Retype the records exactly, including every line.

Provided data Block Start

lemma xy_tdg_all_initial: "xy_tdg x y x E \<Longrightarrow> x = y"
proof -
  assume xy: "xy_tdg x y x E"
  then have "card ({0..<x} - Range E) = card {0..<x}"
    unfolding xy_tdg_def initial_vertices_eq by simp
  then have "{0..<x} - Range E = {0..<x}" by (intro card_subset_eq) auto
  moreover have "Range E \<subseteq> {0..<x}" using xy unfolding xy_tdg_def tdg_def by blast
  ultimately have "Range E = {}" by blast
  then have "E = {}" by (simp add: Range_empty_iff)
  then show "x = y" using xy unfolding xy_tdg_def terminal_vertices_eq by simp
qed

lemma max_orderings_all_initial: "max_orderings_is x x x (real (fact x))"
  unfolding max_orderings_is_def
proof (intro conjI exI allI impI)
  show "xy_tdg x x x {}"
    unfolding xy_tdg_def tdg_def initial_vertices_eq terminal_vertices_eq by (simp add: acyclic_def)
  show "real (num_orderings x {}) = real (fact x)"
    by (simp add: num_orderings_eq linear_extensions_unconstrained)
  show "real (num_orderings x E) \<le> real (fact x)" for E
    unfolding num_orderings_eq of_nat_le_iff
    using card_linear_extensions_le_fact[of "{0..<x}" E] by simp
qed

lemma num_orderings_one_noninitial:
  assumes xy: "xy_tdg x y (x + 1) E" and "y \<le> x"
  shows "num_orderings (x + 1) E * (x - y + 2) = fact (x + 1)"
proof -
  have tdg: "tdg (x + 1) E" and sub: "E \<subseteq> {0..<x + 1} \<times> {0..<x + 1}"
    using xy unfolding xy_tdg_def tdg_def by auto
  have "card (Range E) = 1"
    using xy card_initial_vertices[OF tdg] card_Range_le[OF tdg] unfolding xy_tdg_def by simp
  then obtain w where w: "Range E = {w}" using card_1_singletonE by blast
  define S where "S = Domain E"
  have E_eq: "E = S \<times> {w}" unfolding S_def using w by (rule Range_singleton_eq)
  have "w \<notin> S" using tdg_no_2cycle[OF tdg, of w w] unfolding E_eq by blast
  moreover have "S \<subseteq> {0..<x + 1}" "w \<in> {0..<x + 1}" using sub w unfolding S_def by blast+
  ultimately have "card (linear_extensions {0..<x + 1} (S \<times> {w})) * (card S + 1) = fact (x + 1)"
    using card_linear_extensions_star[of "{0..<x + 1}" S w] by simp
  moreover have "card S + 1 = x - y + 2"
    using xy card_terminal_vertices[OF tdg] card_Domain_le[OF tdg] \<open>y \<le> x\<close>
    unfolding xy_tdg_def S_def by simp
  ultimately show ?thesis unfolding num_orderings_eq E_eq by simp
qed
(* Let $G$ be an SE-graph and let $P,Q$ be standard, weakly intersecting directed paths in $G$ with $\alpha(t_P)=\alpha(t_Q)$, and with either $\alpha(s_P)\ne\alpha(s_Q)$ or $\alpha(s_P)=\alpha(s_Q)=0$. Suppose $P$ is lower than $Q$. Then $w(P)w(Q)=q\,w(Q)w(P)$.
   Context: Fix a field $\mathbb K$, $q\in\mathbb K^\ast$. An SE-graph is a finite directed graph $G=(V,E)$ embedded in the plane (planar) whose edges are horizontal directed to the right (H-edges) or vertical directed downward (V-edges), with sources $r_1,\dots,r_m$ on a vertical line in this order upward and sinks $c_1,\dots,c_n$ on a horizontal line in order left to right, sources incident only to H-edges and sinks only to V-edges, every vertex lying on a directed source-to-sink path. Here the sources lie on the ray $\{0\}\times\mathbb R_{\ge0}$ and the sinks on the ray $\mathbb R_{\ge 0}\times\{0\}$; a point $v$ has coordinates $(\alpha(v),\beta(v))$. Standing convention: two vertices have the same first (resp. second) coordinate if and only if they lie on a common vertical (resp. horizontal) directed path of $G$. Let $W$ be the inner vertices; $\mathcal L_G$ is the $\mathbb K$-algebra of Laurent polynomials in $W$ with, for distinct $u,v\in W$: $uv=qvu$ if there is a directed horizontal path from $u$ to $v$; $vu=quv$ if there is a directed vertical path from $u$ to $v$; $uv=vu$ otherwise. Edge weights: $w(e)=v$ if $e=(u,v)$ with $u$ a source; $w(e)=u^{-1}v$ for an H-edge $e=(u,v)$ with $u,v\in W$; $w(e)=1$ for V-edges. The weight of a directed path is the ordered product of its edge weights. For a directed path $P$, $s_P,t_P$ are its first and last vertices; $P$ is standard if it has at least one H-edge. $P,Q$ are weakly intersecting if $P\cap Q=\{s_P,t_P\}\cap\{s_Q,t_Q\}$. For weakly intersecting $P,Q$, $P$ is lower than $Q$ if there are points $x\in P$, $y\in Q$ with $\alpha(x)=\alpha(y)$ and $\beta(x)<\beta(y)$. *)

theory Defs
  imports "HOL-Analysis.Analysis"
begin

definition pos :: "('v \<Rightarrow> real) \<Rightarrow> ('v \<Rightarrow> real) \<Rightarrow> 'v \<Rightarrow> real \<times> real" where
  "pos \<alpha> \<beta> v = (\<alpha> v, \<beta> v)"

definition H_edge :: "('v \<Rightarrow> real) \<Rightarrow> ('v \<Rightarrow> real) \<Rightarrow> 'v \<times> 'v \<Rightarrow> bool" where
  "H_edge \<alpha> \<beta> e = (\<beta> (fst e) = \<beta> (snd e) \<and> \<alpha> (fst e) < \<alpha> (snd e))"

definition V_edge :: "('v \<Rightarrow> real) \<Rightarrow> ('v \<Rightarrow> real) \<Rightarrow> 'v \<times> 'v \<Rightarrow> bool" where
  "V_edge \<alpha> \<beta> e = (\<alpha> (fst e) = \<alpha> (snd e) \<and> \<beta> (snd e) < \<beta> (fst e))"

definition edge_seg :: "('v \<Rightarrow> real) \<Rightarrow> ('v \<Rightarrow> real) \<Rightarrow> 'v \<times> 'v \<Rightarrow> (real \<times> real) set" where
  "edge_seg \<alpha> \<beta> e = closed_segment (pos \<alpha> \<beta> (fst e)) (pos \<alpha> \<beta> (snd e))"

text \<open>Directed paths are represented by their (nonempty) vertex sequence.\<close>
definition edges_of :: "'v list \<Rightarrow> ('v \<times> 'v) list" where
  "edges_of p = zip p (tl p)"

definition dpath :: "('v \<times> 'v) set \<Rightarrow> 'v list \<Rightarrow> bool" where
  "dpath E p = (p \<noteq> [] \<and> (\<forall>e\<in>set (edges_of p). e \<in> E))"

Provided data Block End

**Written response**
lemma xy_tdg_all_initial: "xy_tdg x y x E \<Longrightarrow> x = y"
proof -
  assume xy: "xy_tdg x y x E"
  then have "card ({0..<x} - Range E) = card {0..<x}"
    unfolding xy_tdg_def initial_vertices_eq by simp
  then have "{0..<x} - Range E = {0..<x}" by (intro card_subset_eq) auto
  moreover have "Range E \<subseteq> {0..<x}" using xy unfolding xy_tdg_def tdg_def by blast
  ultimately have "Range E = {}" by blast
  then have "E = {}" by (simp add: Range_empty_iff)
  then show "x = y" using xy unfolding xy_tdg_def terminal_vertices_eq by simp
qed

lemma max_orderings_all_initial: "max_orderings_is x x x (real (fact x))"
  unfolding max_orderings_is_def
proof (intro conjI exI allI impI)
  show "xy_tdg x x x {}"
    unfolding xy_tdg_def tdg_def initial_vertices_eq terminal_vertices_eq by (simp add: acyclic_def)
  show "real (num_orderings x {}) = real (fact x)"
    by (simp add: num_orderings_eq linear_extensions_unconstrained)
  show "real (num_orderings x E) \<le> real (fact x)" for E
    unfolding num_orderings_eq of_nat_le_iff
    using card_linear_extensions_le_fact[of "{0..<x}" E] by simp
qed

lemma num_orderings_one_noninitial:
  assumes xy: "xy_tdg x y (x + 1) E" and "y \<le> x"
  shows "num_orderings (x + 1) E * (x - y + 2) = fact (x + 1)"
proof -
  have tdg: "tdg (x + 1) E" and sub: "E \<subseteq> {0..<x + 1} \<times> {0..<x + 1}"
    using xy unfolding xy_tdg_def tdg_def by auto
  have "card (Range E) = 1"
    using xy card_initial_vertices[OF tdg] card_Range_le[OF tdg] unfolding xy_tdg_def by simp
  then obtain w where w: "Range E = {w}" using card_1_singletonE by blast
  define S where "S = Domain E"
  have E_eq: "E = S \<times> {w}" unfolding S_def using w by (rule Range_singleton_eq)
  have "w \<notin> S" using tdg_no_2cycle[OF tdg, of w w] unfolding E_eq by blast
  moreover have "S \<subseteq> {0..<x + 1}" "w \<in> {0..<x + 1}" using sub w unfolding S_def by blast+
  ultimately have "card (linear_extensions {0..<x + 1} (S \<times> {w})) * (card S + 1) = fact (x + 1)"
    using card_linear_extensions_star[of "{0..<x + 1}" S w] by simp
  moreover have "card S + 1 = x - y + 2"
    using xy card_terminal_vertices[OF tdg] card_Domain_le[OF tdg] \<open>y \<le> x\<close>
    unfolding xy_tdg_def S_def by simp
  ultimately show ?thesis unfolding num_orderings_eq E_eq by simp
qed
(* Let $G$ be an SE-graph and let $P,Q$ be standard, weakly intersecting directed paths in $G$ with $\alpha(t_P)=\alpha(t_Q)$, and with either $\alpha(s_P)\ne\alpha(s_Q)$ or $\alpha(s_P)=\alpha(s_Q)=0$. Suppose $P$ is lower than $Q$. Then $w(P)w(Q)=q\,w(Q)w(P)$.
   Context: Fix a field $\mathbb K$, $q\in\mathbb K^\ast$. An SE-graph is a finite directed graph $G=(V,E)$ embedded in the plane (planar) whose edges are horizontal directed to the right (H-edges) or vertical directed downward (V-edges), with sources $r_1,\dots,r_m$ on a vertical line in this order upward and sinks $c_1,\dots,c_n$ on a horizontal line in order left to right, sources incident only to H-edges and sinks only to V-edges, every vertex lying on a directed source-to-sink path. Here the sources lie on the ray $\{0\}\times\mathbb R_{\ge0}$ and the sinks on the ray $\mathbb R_{\ge 0}\times\{0\}$; a point $v$ has coordinates $(\alpha(v),\beta(v))$. Standing convention: two vertices have the same first (resp. second) coordinate if and only if they lie on a common vertical (resp. horizontal) directed path of $G$. Let $W$ be the inner vertices; $\mathcal L_G$ is the $\mathbb K$-algebra of Laurent polynomials in $W$ with, for distinct $u,v\in W$: $uv=qvu$ if there is a directed horizontal path from $u$ to $v$; $vu=quv$ if there is a directed vertical path from $u$ to $v$; $uv=vu$ otherwise. Edge weights: $w(e)=v$ if $e=(u,v)$ with $u$ a source; $w(e)=u^{-1}v$ for an H-edge $e=(u,v)$ with $u,v\in W$; $w(e)=1$ for V-edges. The weight of a directed path is the ordered product of its edge weights. For a directed path $P$, $s_P,t_P$ are its first and last vertices; $P$ is standard if it has at least one H-edge. $P,Q$ are weakly intersecting if $P\cap Q=\{s_P,t_P\}\cap\{s_Q,t_Q\}$. For weakly intersecting $P,Q$, $P$ is lower than $Q$ if there are points $x\in P$, $y\in Q$ with $\alpha(x)=\alpha(y)$ and $\beta(x)<\beta(y)$. *)

theory Defs
  imports "HOL-Analysis.Analysis"
begin

definition pos :: "('v \<Rightarrow> real) \<Rightarrow> ('v \<Rightarrow> real) \<Rightarrow> 'v \<Rightarrow> real \<times> real" where
  "pos \<alpha> \<beta> v = (\<alpha> v, \<beta> v)"

definition H_edge :: "('v \<Rightarrow> real) \<Rightarrow> ('v \<Rightarrow> real) \<Rightarrow> 'v \<times> 'v \<Rightarrow> bool" where
  "H_edge \<alpha> \<beta> e = (\<beta> (fst e) = \<beta> (snd e) \<and> \<alpha> (fst e) < \<alpha> (snd e))"

definition V_edge :: "('v \<Rightarrow> real) \<Rightarrow> ('v \<Rightarrow> real) \<Rightarrow> 'v \<times> 'v \<Rightarrow> bool" where
  "V_edge \<alpha> \<beta> e = (\<alpha> (fst e) = \<alpha> (snd e) \<and> \<beta> (snd e) < \<beta> (fst e))"

definition edge_seg :: "('v \<Rightarrow> real) \<Rightarrow> ('v \<Rightarrow> real) \<Rightarrow> 'v \<times> 'v \<Rightarrow> (real \<times> real) set" where
  "edge_seg \<alpha> \<beta> e = closed_segment (pos \<alpha> \<beta> (fst e)) (pos \<alpha> \<beta> (snd e))"

text \<open>Directed paths are represented by their (nonempty) vertex sequence.\<close>
definition edges_of :: "'v list \<Rightarrow> ('v \<times> 'v) list" where
  "edges_of p = zip p (tl p)"

definition dpath :: "('v \<times> 'v) set \<Rightarrow> 'v list \<Rightarrow> bool" where
  "dpath E p = (p \<noteq> [] \<and> (\<forall>e\<in>set (edges_of p). e \<in> E))"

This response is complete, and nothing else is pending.